墨旭庭真是被怄得没话讲——他早就发现了,这位堂妹虽然是个灵瞎子,可挤兑人的水平倒称得上一流。他说不过人家,学堂又禁止私斗,正打算抄起东西走人算了,墨濯清却又不慌不忙地开口了:
“看来堂兄是真的吓破胆了。唉,确实没办法,毕竟我很晦气嘛。没想到最爱越俎代庖管教别人妹妹的旭庭堂兄都不敢怎么样了……”
“只是既然这晦气这么厉害,也不知道昨晚偷偷想要管教我的那个人,有没有沾上一点呢?”
“墨濯清,你——”墨旭庭怒指着她,已经把学堂的规矩和隐隐的顾虑置之脑后 ——说到底,墨濯清不过是个没能耐的灵瞎子,他说不过人家,难道还打不过么?主动撞上来可怪不了他!
“你在干什么,墨旭庭!”
疾步赶来的年长女子面容严肃、语气不善,“对同族的堂妹这般咄咄逼人,这就是你作为兄长的礼节吗?”
“老师,我、她——”墨旭庭在心里大呼倒霉,怎么就碰上了学堂老师里最严厉的墨煜明?这个老古板一向眼睛里揉不得沙子,他今天怕是惨了。
“老师,您误会了。其实旭庭堂兄,堂兄他只是在教导我作为后辈的规矩。”墨濯清怯怯地开口,一副假惺惺的可怜样,气得墨旭庭在心里直骂街。
“我倒是不知道你什么时候这么懂规矩了,墨旭庭?”果然,墨煜明的表情更不善了,“我已经听说了最近族学里发生的事情。我不在这些天,在我墨氏族学中竟能公然发生欺凌同窗之事,真是令家族蒙羞!
“你先给我抄二十遍族规,好好地学一学规矩。晚上下课,你和其他几个人全都来见我一趟,族学的风气都被你们败坏了!”
她的目光转向墨濯清时温柔了许多:“濯清,你受委屈了。”墨旭庭惊恐地发现这个魔头的眼神中竟然有一丝能称之为慈爱的东西。
濯清自然是满脸乖巧感激地送走了墨煜明。她走时,墨旭庭的脸都气歪了。
“都是你算计好的吧?就知道你是个黑心肠的贱人——”话没说完,就被墨濯清轻巧地打断了:
“看来我的晦气确实还蛮灵哦,堂兄。不过,现在堂兄对我说话可要客气点了。说不定,煜明老师会想知道有些人晚上是怎么教我规矩的呢。”濯清摊了摊手,无辜一笑。
——墨煜明那里大概是墨辰昭去说的。虽然自己推拒了,但以墨辰昭的性格,不知道也就罢了,知道了肯定无法坐视不理。估计不只是墨煜明,几个为难过她的学生也被劝说了一遍吧。难怪今天墨旭庭收敛了点,虽然只是一点。
濯清的威胁简单但管用,墨旭庭老老实实地闭了嘴,吭哧吭哧地抄起了墨煜明布置的二十遍族规——他可不想再抄二十遍族规。
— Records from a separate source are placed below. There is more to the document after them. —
lemma deviation_event_prob_le:
  assumes bounded: "\<And>t. t < m \<Longrightarrow> \<bar>g t\<bar> \<le> 1" and \<epsilon>: "0 < \<epsilon>"
  shows "seq_prob q (deviation_event N g \<epsilon>) \<le> 2 * exp (- real N * \<epsilon>\<^sup>2 / 16)"
proof -
  consider (no_samples) "N = 0" | (large) "0 < N" "2 \<le> \<epsilon>" | (small) "0 < N" "\<epsilon> \<le> 2"
    by fastforce
  then show ?thesis
  proof cases
    case no_samples
    have "seq_prob q (deviation_event N g \<epsilon>) \<le> seq_prob q (outcome_seqs N m)"
      by (rule seq_prob_mono) (auto simp: deviation_event_def)
    then show ?thesis
      using no_samples by (simp add: seq_prob_outcome_seqs)
  next
    case large
    then show ?thesis
      using deviation_event_eq_empty[OF bounded] by (simp add: seq_prob_def)
  next
    case small
    have "seq_prob q (deviation_event N g \<epsilon>)
        \<le> seq_prob q (upper_event N g \<epsilon>) + seq_prob q (upper_event N (\<lambda>t. - g t) \<epsilon>)"
      using small by (intro order.trans[OF seq_prob_mono seq_prob_Un_le] deviation_event_subset)
        (auto simp: upper_event_def)
    also have "\<dots> \<le> exp (- real N * \<epsilon>\<^sup>2 / 16) + exp (- real N * \<epsilon>\<^sup>2 / 16)"
      using bounded small \<epsilon> by (intro add_mono upper_event_prob_le) auto
    finally show ?thesis
      by simp
  qed
qed

end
他不乐意再搭理这个晦气的家伙了,当真是晦气得很。墨濯清却仿佛读不懂氛围般喋喋不休:
“旭庭哥,我好好奇哦。上次你们在藏书阁围殴我,也不知道发生了什么事,你们现在好像都变得很害怕我呢。难道那阵风其实是我的护法仙子,一有人欺负我就帮我大打出手吗?”——护法仙子出自最近流行的话本子,一个性格懦弱的控灵术士每次遭人欺凌,都有一位仙子暗中相助,最终这位术士在她的鼓励之下勤奋修炼,成为了武林高手——濯清在墨旭庭的桌上瞥见过这本书的封面。
——不行,真受不了这个自我感觉过于良好还没见识的家伙。墨旭庭摔笔,恼火地打断了墨濯清:
“你这家伙做什么白日梦呢?看话本子看坏脑子了,还护法仙子上了。你是控灵术士吗就想?飞琼仙子看得上你这灵瞎子吗?”
他突然古怪地笑了起来:“也对,烂锅配烂盖,能帮你这个灵瞎子的,当然得是那种怪胎坏种了。你们一个灵瞎子,一个扫把星,倒是相配。”
即使尚且不知那人的身份,话中毫不掩饰的恶意依然令濯清感到不适。她嗤笑道:“真这么瞧不起,怎么又只敢在背后说人?那天被人家掀翻倒是屁都不敢放一个就跑了,旭庭兄也真是好生清高。”
“你——你又知道什么!你有什么资格帮墨晴晚说话?”墨旭庭的脸色变得很难看,而后露出扭曲的笑容:
“也对,你一个外面回来的私生子,从来没有机会了解她以前干下的那些好事吧?有个人肯帮你这个灵瞎子,不得感激涕零奉若神明?
他的声音突然冷静下来,平淡的语气中却带着更深的怨毒:“只是你把她当成仙子来崇拜,可得小心别拜成了一条毒蛇。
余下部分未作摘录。